▸ **What to produce**: Determine how many lines of the listing below include the string "Fpol". Output the number and nothing more.
________
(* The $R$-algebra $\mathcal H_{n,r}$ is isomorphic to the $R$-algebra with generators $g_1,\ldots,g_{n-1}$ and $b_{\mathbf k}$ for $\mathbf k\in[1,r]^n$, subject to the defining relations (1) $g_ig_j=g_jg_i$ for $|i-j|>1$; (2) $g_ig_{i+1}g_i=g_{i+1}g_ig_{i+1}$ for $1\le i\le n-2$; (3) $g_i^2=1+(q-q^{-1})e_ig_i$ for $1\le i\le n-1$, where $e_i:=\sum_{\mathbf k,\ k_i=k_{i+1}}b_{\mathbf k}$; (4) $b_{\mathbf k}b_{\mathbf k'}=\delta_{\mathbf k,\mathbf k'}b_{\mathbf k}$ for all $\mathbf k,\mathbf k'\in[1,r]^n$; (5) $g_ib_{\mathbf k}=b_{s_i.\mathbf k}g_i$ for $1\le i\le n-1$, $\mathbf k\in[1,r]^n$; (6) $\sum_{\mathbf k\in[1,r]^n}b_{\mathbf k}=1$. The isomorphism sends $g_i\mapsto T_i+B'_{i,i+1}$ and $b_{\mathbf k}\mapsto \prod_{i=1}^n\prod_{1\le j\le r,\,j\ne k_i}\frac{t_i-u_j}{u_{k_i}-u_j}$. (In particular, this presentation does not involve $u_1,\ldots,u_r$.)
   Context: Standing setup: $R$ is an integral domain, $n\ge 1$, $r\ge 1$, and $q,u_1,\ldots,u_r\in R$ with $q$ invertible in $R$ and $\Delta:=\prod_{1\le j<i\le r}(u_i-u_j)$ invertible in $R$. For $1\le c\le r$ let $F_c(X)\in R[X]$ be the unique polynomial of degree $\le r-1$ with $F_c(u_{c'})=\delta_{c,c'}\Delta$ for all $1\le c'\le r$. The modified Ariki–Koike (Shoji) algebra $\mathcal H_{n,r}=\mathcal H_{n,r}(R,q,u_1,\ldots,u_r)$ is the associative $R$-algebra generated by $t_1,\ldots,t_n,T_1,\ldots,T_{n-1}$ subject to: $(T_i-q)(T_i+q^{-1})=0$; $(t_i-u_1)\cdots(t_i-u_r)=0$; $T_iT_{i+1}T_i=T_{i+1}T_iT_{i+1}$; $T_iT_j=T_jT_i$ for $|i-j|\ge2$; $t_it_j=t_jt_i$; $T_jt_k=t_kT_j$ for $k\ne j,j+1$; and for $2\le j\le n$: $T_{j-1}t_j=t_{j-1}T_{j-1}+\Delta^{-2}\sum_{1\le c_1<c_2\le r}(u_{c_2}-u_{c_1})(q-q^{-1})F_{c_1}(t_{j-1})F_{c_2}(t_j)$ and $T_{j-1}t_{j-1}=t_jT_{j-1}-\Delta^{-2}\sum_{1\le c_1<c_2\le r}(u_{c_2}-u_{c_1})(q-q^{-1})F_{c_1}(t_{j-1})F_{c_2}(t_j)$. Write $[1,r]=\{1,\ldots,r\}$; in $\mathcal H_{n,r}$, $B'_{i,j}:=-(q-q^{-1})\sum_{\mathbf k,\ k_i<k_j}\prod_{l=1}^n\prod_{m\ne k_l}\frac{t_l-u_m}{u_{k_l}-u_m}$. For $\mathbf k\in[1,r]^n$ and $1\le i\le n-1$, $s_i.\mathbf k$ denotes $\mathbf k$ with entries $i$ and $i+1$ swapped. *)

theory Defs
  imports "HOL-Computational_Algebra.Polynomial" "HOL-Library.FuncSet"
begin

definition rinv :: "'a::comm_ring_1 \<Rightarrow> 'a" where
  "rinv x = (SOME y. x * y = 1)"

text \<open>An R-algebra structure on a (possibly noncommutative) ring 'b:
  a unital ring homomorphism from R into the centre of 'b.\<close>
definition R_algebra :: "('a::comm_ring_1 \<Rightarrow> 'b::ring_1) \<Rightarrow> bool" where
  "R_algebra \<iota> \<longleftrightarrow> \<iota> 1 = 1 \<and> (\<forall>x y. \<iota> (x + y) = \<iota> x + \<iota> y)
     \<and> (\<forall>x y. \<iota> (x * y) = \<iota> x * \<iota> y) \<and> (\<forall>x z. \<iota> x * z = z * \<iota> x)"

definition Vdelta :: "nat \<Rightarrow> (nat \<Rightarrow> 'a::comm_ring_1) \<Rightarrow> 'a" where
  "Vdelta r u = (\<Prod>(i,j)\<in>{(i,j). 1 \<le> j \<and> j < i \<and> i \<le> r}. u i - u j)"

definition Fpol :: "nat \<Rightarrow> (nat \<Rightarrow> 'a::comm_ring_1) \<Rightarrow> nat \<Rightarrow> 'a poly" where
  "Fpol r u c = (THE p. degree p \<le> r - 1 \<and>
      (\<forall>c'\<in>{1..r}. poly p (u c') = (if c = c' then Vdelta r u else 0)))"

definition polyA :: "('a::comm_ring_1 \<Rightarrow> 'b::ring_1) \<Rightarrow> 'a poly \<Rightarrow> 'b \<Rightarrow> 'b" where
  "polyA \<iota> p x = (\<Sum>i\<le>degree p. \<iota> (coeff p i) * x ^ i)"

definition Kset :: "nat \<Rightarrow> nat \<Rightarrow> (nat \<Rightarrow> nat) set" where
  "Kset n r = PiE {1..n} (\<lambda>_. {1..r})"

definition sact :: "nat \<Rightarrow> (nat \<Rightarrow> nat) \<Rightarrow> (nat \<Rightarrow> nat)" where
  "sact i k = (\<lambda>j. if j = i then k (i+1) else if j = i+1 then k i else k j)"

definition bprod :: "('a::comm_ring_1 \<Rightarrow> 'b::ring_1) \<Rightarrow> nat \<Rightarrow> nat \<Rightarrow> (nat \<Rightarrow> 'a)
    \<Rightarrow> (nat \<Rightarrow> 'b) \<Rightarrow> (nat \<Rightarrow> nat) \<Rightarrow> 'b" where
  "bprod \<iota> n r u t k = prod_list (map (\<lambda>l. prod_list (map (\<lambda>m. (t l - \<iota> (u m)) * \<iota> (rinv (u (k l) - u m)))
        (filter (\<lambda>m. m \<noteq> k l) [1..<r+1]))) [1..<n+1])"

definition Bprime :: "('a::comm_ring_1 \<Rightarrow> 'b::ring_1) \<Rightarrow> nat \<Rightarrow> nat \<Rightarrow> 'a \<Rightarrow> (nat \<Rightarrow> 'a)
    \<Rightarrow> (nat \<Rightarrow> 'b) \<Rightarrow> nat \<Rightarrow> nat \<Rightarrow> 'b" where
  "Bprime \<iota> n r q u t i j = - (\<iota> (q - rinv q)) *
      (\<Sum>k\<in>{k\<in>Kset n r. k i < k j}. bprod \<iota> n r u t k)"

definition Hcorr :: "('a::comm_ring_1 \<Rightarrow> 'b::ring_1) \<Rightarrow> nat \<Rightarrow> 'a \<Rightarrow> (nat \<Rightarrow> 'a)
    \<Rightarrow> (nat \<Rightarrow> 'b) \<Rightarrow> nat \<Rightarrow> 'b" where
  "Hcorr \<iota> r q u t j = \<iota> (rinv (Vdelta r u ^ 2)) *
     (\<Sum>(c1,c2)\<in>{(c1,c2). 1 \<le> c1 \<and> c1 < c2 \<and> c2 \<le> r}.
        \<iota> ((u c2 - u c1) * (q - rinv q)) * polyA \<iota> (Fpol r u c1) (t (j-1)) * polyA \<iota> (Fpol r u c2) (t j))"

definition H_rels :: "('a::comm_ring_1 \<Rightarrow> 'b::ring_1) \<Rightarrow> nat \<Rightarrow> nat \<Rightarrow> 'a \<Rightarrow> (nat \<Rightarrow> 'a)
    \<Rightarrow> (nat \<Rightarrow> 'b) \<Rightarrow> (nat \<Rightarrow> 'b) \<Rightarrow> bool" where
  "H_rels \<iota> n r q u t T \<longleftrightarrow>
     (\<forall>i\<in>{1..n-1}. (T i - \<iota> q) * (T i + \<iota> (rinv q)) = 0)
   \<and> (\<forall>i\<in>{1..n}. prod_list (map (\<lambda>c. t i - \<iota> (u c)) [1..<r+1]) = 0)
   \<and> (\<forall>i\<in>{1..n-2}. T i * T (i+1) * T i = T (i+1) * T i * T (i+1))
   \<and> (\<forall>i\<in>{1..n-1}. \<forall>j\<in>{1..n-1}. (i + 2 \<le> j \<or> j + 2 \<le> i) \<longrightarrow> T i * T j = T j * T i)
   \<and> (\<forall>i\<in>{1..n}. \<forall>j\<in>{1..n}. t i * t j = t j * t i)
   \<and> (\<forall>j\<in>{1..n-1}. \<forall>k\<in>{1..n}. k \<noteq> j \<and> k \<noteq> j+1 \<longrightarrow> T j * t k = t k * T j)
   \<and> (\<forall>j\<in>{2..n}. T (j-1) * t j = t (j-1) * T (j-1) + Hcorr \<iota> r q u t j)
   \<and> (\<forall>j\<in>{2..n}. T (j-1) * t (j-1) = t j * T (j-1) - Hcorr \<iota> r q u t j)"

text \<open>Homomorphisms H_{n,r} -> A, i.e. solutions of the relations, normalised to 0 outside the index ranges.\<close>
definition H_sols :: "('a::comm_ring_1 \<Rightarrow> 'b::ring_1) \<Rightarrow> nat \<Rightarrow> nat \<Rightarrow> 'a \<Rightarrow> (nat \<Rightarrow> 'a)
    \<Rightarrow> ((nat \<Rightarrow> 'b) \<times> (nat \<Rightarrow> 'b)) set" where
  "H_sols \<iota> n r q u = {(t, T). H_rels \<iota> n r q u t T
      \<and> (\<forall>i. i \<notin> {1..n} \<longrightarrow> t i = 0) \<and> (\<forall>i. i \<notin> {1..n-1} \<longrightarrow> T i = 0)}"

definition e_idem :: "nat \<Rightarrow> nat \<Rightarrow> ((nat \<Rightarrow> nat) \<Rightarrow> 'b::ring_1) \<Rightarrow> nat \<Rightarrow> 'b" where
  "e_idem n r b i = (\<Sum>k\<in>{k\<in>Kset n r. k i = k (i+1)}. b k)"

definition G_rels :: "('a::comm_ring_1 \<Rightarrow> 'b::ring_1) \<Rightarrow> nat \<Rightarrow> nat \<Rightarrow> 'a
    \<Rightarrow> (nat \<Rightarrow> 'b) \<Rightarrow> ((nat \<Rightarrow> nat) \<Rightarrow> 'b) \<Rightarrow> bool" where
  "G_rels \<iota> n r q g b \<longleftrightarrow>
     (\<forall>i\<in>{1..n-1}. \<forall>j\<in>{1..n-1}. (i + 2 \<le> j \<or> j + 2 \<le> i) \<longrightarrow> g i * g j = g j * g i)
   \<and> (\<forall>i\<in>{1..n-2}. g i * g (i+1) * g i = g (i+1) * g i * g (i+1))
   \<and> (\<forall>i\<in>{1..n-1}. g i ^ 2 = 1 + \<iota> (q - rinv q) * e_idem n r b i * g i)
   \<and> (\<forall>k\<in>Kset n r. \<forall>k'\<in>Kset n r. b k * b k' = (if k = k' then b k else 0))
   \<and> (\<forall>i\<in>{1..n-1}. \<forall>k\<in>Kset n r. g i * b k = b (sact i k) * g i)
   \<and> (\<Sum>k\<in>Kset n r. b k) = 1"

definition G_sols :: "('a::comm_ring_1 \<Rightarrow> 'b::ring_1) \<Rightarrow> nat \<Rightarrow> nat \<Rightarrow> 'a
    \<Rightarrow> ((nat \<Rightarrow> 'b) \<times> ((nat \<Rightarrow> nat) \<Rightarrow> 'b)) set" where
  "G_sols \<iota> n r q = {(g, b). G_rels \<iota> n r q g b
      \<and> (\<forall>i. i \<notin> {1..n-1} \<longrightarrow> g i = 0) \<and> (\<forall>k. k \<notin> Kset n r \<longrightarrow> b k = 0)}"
________
▸ **Written solution**: 3